14. The method of claim 10, wherein computing the docking score for the candidate drug using the determined energies comprises:
calculating a subtraction of one or more of the determined energies as the docking score; or
calculating a score using Vinardo.
15. The method of claim 1, wherein taking the action based on the corresponding docking scores comprises:
clustering each stacked pose configuration in the plurality of stacked pose configurations using a measure of similarity into a plurality of clusters;
for each cluster in the plurality of clusters, identifying a stacked pose configuration as a representative stacked pose configuration of the cluster; and
providing the respective docking scores for the representative stacked pose configuration of each cluster.
16. The method of claim 1, wherein taking the action based on the corresponding docking scores comprises:
assessing a measure of efficacy for the candidate drug based on the corresponding docking scores.
17. The method of claim 16, wherein the measure of efficacy is determined by aggregating docking scores corresponding with a set of P lowest energy stacked pose configurations in the location of the binding site in the prion-protein filament.
18. The method of claim 10, wherein taking the action based on the corresponding docking scores comprises:
maintaining at least one of the complexes and corresponding docking scores in a database.
19. The method of claim 10, wherein taking the action based on the corresponding docking scores comprises:
using at least one of the complexes and corresponding scores for one or more downstream tasks.

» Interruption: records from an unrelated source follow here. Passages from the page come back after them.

lemma bracket_sum_power_factor:
  fixes h :: "real \<Rightarrow> real \<Rightarrow> real" and \<phi> :: "'i \<Rightarrow> real \<Rightarrow> real \<Rightarrow> real"
  assumes ha: "((\<lambda>t. h t p) has_real_derivative ha) (at a)"
    and hp: "((\<lambda>s. h a s) has_real_derivative hp) (at p)"
    and \<phi>a: "\<And>k. k \<in> K \<Longrightarrow> ((\<lambda>t. \<phi> k t p) has_real_derivative \<phi>a k) (at a)"
    and \<phi>p: "\<And>k. k \<in> K \<Longrightarrow> ((\<lambda>s. \<phi> k a s) has_real_derivative \<phi>p k) (at p)"
  obtains Sa Sp
  where "((\<lambda>t. \<Sum>k\<in>K. \<phi> k t p * h t p ^ m k) has_real_derivative Sa) (at a)"
    and "((\<lambda>s. \<Sum>k\<in>K. \<phi> k a s * h a s ^ m k) has_real_derivative Sp) (at p)"
    and "ha * Sp - hp * Sa = (\<Sum>k\<in>K. h a p ^ m k * (ha * \<phi>p k - hp * \<phi>a k))"
proof
  show "((\<lambda>t. \<Sum>k\<in>K. \<phi> k t p * h t p ^ m k) has_real_derivative
      (\<Sum>k\<in>K. \<phi>a k * h a p ^ m k + \<phi> k a p * (of_nat (m k) * h a p ^ (m k - 1) * ha))) (at a)"
    by (intro DERIV_sum) (auto intro!: derivative_eq_intros \<phi>a ha)
  show "((\<lambda>s. \<Sum>k\<in>K. \<phi> k a s * h a s ^ m k) has_real_derivative
      (\<Sum>k\<in>K. \<phi>p k * h a p ^ m k + \<phi> k a p * (of_nat (m k) * h a p ^ (m k - 1) * hp))) (at p)"
    by (intro DERIV_sum) (auto intro!: derivative_eq_intros \<phi>p hp)
qed (simp add: sum_distrib_left sum_subtractf[symmetric] algebra_simps)

lemma poisson_HF:
  fixes g :: "real \<Rightarrow> real \<Rightarrow> real \<Rightarrow> real \<Rightarrow> real"
  assumes "((\<lambda>t. HF x t y p q) has_real_derivative ha) (at a)"
    and "((\<lambda>s. HF x a y s q) has_real_derivative hp) (at p)"
    and "((\<lambda>t. g t y p q) has_real_derivative ga) (at a)"
    and "((\<lambda>s. g a y s q) has_real_derivative gp) (at p)"
    and "((\<lambda>y'. g a y' p q) has_real_derivative gy) (at y)"
  shows "poisson (HF x) g a y p q = ha * gp - hp * ga - 2 * a * q * gy"
proof -
  have "deriv (\<lambda>s. HF x a y p s) q = 2 * a * q"
    by (intro DERIV_imp_deriv) (auto intro!: derivative_eq_intros simp: HF_def)
  moreover have "deriv (\<lambda>y'. HF x a y' p q) y = 0"
    by (simp add: HF_def)
  ultimately show ?thesis
    using assms unfolding poisson_def by (simp add: DERIV_imp_deriv)
qed

lemma PiF_derivatives:
  fixes x :: "real \<Rightarrow> real"
  assumes "deriv x differentiable (at a)" and "deriv x a \<noteq> 0"
  obtains \<pi>a where "((\<lambda>t. PiF x t p) has_real_derivative \<pi>a) (at a)"
    and "((\<lambda>s. PiF x a s) has_real_derivative a / deriv x a) (at p)"
proof
  have "(deriv x has_real_derivative deriv (deriv x) a) (at a)"
    using assms(1) by (simp add: DERIV_deriv_iff_real_differentiable)
  then show "((\<lambda>t. PiF x t p) has_real_derivative
      (deriv x a - a * deriv (deriv x) a) / (deriv x a)^2 * p) (at a)"
    using assms(2) unfolding PiF_def
    by (auto intro!: derivative_eq_intros simp: power2_eq_square algebra_simps)
  show "((\<lambda>s. PiF x a s) has_real_derivative a / deriv x a) (at p)"
    using assms(2) unfolding PiF_def by (auto intro!: derivative_eq_intros)
qed

lemma bracket_HF_summand:
  fixes \<pi> \<pi>a \<pi>p \<beta> b a q H :: real
  assumes "\<pi>^2 = H - a * q^2"
  shows "H^m * ((2 * \<pi> * \<pi>a + q^2) * ((-1)^k * \<beta> * \<pi>p * q^(2*k-1))
            - 2 * \<pi> * \<pi>p * ((-1)^k * (b * \<pi> + \<beta> * \<pi>a) * q^(2*k-1)))
       = \<pi>p * ((-1)^k * q^(2*k-1) * H^m * ((\<beta> + 2*a*b) * q^2 - 2*H*b))"
proof -
  have "H^m * ((2 * \<pi> * \<pi>a + q^2) * ((-1)^k * \<beta> * \<pi>p * q^(2*k-1))
            - 2 * \<pi> * \<pi>p * ((-1)^k * (b * \<pi> + \<beta> * \<pi>a) * q^(2*k-1)))
      = H^m * (\<pi>p * ((-1)^k * q^(2*k-1)) * (\<beta> * q^2 - 2 * \<pi>^2 * b))"
    by (simp add: power2_eq_square algebra_simps)
  also have "\<dots> = \<pi>p * ((-1)^k * q^(2*k-1) * H^m * ((\<beta> + 2*a*b) * q^2 - 2*H*b))"
    unfolding assms by (simp add: algebra_simps)
  finally show ?thesis .
qed

lemma poisson_HF_S1F:
  fixes x :: "real \<Rightarrow> real" and \<beta> :: "nat \<Rightarrow> real \<Rightarrow> real" and a y p q :: real
  assumes ddx: "deriv x differentiable (at a)" and dx0: "deriv x a \<noteq> 0"
    and d\<beta>: "\<And>k. k \<in> {1..n} \<Longrightarrow> \<beta> k differentiable (at a)"
  defines "H \<equiv> HF x a y p q" and "b \<equiv> \<lambda>k. deriv (\<beta> k) a"
  shows "poisson (HF x) (S1F n A \<beta> x) a y p q
    = a / deriv x a * (\<Sum>k=1..n. (-1)^k * q^(2*k-1) * H^(n-k) * ((\<beta> k a + 2*a*b k) * q^2 - 2*H*b k))
      - 2 * a * q * GF n A x a y p q"
proof -
  obtain \<pi>a where D\<pi>a: "((\<lambda>t. PiF x t p) has_real_derivative \<pi>a) (at a)"
    and D\<pi>p: "((\<lambda>s. PiF x a s) has_real_derivative a / deriv x a) (at p)"
    using PiF_derivatives[OF ddx dx0] .
  define \<pi> where "\<pi> = PiF x a p"
  define \<pi>p where "\<pi>p = a / deriv x a"
  define ha where "ha = 2 * \<pi> * \<pi>a + q^2"
  define hp where "hp = 2 * \<pi> * \<pi>p"
  have D\<beta>: "(\<beta> k has_real_derivative b k) (at a)" if "k \<in> {1..n}" for k
    using d\<beta>[OF that] by (simp add: b_def DERIV_deriv_iff_real_differentiable)
  have Ha: "((\<lambda>t. HF x t y p q) has_real_derivative ha) (at a)"
    unfolding HF_def ha_def \<pi>_def
    by (auto intro!: derivative_eq_intros D\<pi>a simp: power2_eq_square)
  have Hp: "((\<lambda>s. HF x a y s q) has_real_derivative hp) (at p)"
    unfolding HF_def hp_def \<pi>_def \<pi>p_def
    by (auto intro!: derivative_eq_intros D\<pi>p simp: power2_eq_square)
  define \<phi> where "\<phi> k t s = (-1)^k * \<beta> k t * PiF x t s * q^(2*k-1)" for k t s
  define \<phi>a where "\<phi>a k = (-1)^k * (b k * \<pi> + \<beta> k a * \<pi>a) * q^(2*k-1)" for k
  define \<phi>p where "\<phi>p k = (-1)^k * \<beta> k a * \<pi>p * q^(2*k-1)" for k
  have D\<phi>a: "((\<lambda>t. \<phi> k t p) has_real_derivative \<phi>a k) (at a)" if "k \<in> {1..n}" for k
    unfolding \<phi>_def \<phi>a_def \<pi>_def
    by (auto intro!: derivative_eq_intros D\<beta>[OF that] D\<pi>a simp: algebra_simps)
  have D\<phi>p: "((\<lambda>s. \<phi> k a s) has_real_derivative \<phi>p k) (at p)" for k
    unfolding \<phi>_def \<phi>p_def \<pi>p_def by (auto intro!: derivative_eq_intros D\<pi>p)
  obtain Qa Qp
    where Qa: "((\<lambda>t. \<Sum>k=1..n. \<phi> k t p * HF x t y p q ^ (n-k)) has_real_derivative Qa) (at a)"
      and Qp: "((\<lambda>s. \<Sum>k=1..n. \<phi> k a s * HF x a y s q ^ (n-k)) has_real_derivative Qp) (at p)"
      and Q: "ha * Qp - hp * Qa = (\<Sum>k=1..n. H ^ (n-k) * (ha * \<phi>p k - hp * \<phi>a k))"
    unfolding H_def by (rule bracket_sum_power_factor[OF Ha Hp D\<phi>a D\<phi>p])
  obtain Ga Gp
    where Ga: "((\<lambda>t. \<Sum>k=0..n. A k * q^(2*(n-k)) * HF x t y p q ^ k) has_real_derivative Ga) (at a)"
      and Gp: "((\<lambda>s. \<Sum>k=0..n. A k * q^(2*(n-k)) * HF x a y s q ^ k) has_real_derivative Gp) (at p)"
      and G: "ha * Gp - hp * Ga = (\<Sum>k=0..n. H ^ k * (ha * 0 - hp * 0))"
    unfolding H_def by (rule bracket_sum_power_factor[OF Ha Hp DERIV_const DERIV_const])
  have S1F_eq: "S1F n A \<beta> x t y' s q = (\<Sum>k=1..n. \<phi> k t s * HF x t y' s q ^ (n-k))
      + y' * (\<Sum>k=0..n. A k * q^(2*(n-k)) * HF x t y' s q ^ k)" for t y' s
    by (simp add: S1F_def Q1F_def GF_def \<phi>_def mult_ac)
  have "((\<lambda>y'. S1F n A \<beta> x a y' p q) has_real_derivative GF n A x a y p q) (at y)"
  proof -
    have "(\<lambda>y'. S1F n A \<beta> x a y' p q) = (\<lambda>y'. Q1F n \<beta> x a y p q + y' * GF n A x a y p q)"
      by (simp add: S1F_def Q1F_def GF_def HF_def)
    then show ?thesis by (auto intro!: derivative_eq_intros)
  qed
  moreover have "((\<lambda>t. S1F n A \<beta> x t y p q) has_real_derivative Qa + y * Ga) (at a)"
    unfolding S1F_eq by (intro DERIV_add DERIV_cmult Qa Ga)
  moreover have "((\<lambda>s. S1F n A \<beta> x a y s q) has_real_derivative Qp + y * Gp) (at p)"
    unfolding S1F_eq by (intro DERIV_add DERIV_cmult Qp Gp)
  ultimately have "poisson (HF x) (S1F n A \<beta> x) a y p q
      = ha * (Qp + y * Gp) - hp * (Qa + y * Ga) - 2 * a * q * GF n A x a y p q"
    by (intro poisson_HF Ha Hp)
  also have "\<dots> = (ha * Qp - hp * Qa) - 2 * a * q * GF n A x a y p q"
    using G by (simp add: algebra_simps)
  also have "ha * Qp - hp * Qa
      = \<pi>p * (\<Sum>k=1..n. (-1)^k * q^(2*k-1) * H^(n-k) * ((\<beta> k a + 2*a*b k) * q^2 - 2*H*b k))"
  proof -
    have "\<pi>^2 = H - a * q^2" by (simp add: H_def HF_def \<pi>_def)
    then have "H ^ (n-k) * (ha * \<phi>p k - hp * \<phi>a k)
        = \<pi>p * ((-1)^k * q^(2*k-1) * H^(n-k) * ((\<beta> k a + 2*a*b k) * q^2 - 2*H*b k))" for k
      unfolding ha_def hp_def \<phi>a_def \<phi>p_def by (rule bracket_HF_summand)
    then show ?thesis unfolding Q sum_distrib_left by (rule sum.cong[OF refl])
  qed
  finally show ?thesis by (simp add: \<pi>p_def)
qed

lemma poisson_HF_S1F_eq_0:
  fixes x :: "real \<Rightarrow> real" and \<beta> :: "nat \<Rightarrow> real \<Rightarrow> real"
  assumes n: "n \<ge> 1" and An: "A n = 1" and a: "a \<in> I"
    and ddx: "deriv x differentiable (at a)" and dx0: "deriv x a \<noteq> 0"
    and d\<beta>: "\<And>k. k \<in> {1..n} \<Longrightarrow> \<beta> k differentiable (at a)"
    and sys: "beta_system n A x \<beta> I"
  shows "poisson (HF x) (S1F n A \<beta> x) a y p q = 0"
proof -
  define H where "H = HF x a y p q"
  define b where "b k = deriv (\<beta> k) a" for k
  have "poisson (HF x) (S1F n A \<beta> x) a y p q
    = a / deriv x a * (\<Sum>k=1..n. (-1)^k * q^(2*k-1) * H^(n-k) * ((\<beta> k a + 2*a*b k) * q^2 - 2*H*b k))
      - 2 * a * q * GF n A x a y p q"
    unfolding H_def b_def by (rule poisson_HF_S1F[OF ddx dx0 d\<beta>])
  also have "(\<Sum>k=1..n. (-1)^k * q^(2*k-1) * H^(n-k) * ((\<beta> k a + 2*a*b k) * q^2 - 2*H*b k))
      = 2 * deriv x a * (q * GF n A x a y p q)"
    unfolding GF_def sigmaA_sum_reverse[symmetric] H_def[symmetric]
    by (rule beta_recursion_telescope[OF n])
      (use sys a An in \<open>auto simp: beta_system_def b_def sigmaA_def\<close>)
  finally show ?thesis
    using dx0 by simp
qed

lemma sigmaI_0:
  assumes "i \<in> {1..n}"
  shows "sigmaI n r i 0 = 1"
proof -
  define P where "P = (\<Prod>l\<in>{1..n}-{i}. [:- r l, 1::real:])"
  have "degree P = (\<Sum>l\<in>{1..n}-{i}. degree [:- r l, 1::real:])"
    unfolding P_def by (rule degree_prod_sum_eq) auto
  also have "\<dots> = n - 1" using assms by simp
  finally have "degree P = n - 1" .
  moreover have "lead_coeff P = 1" unfolding P_def lead_coeff_prod by simp
  ultimately show ?thesis using assms unfolding sigmaI_def P_def[symmetric] by simp
qed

20. A system comprising one or more computers and one or more storage devices storing instructions that are operable, when executed by the one or more computers, to cause the one or more computers to perform operations comprising:
receiving data comprising a structure of a candidate drug, a structure of a prion-protein filament comprising one or more prions, and a location of a binding site in the prion-protein filament structure;
generating a plurality of stacked pose configurations of the candidate drug using at least the candidate drug structure;
determining a corresponding docking score for each stacked pose configuration in the plurality of stacked pose configurations in accordance with a measure of a likelihood of binding for the stacked pose configuration in the location of the binding site in the prion-protein filament; and
taking an action based on the corresponding docking scores.
21. One or more computer readable media storing instructions that are executable by a processing device, and upon such execution cause the processing device to perform operations comprising:
receiving data comprising a structure of a candidate drug, a structure of a prion-protein filament comprising one or more prions, and a location of a binding site in the prion-protein filament structure;
generating a plurality of stacked pose configurations of the candidate drug using at least the candidate drug structure;
determining a corresponding docking score for each stacked pose configuration in the plurality of stacked pose configurations in accordance with a measure of a likelihood of binding for the stacked pose configuration in the location of the binding site in the prion-protein filament; and
taking an action based on the corresponding docking scores.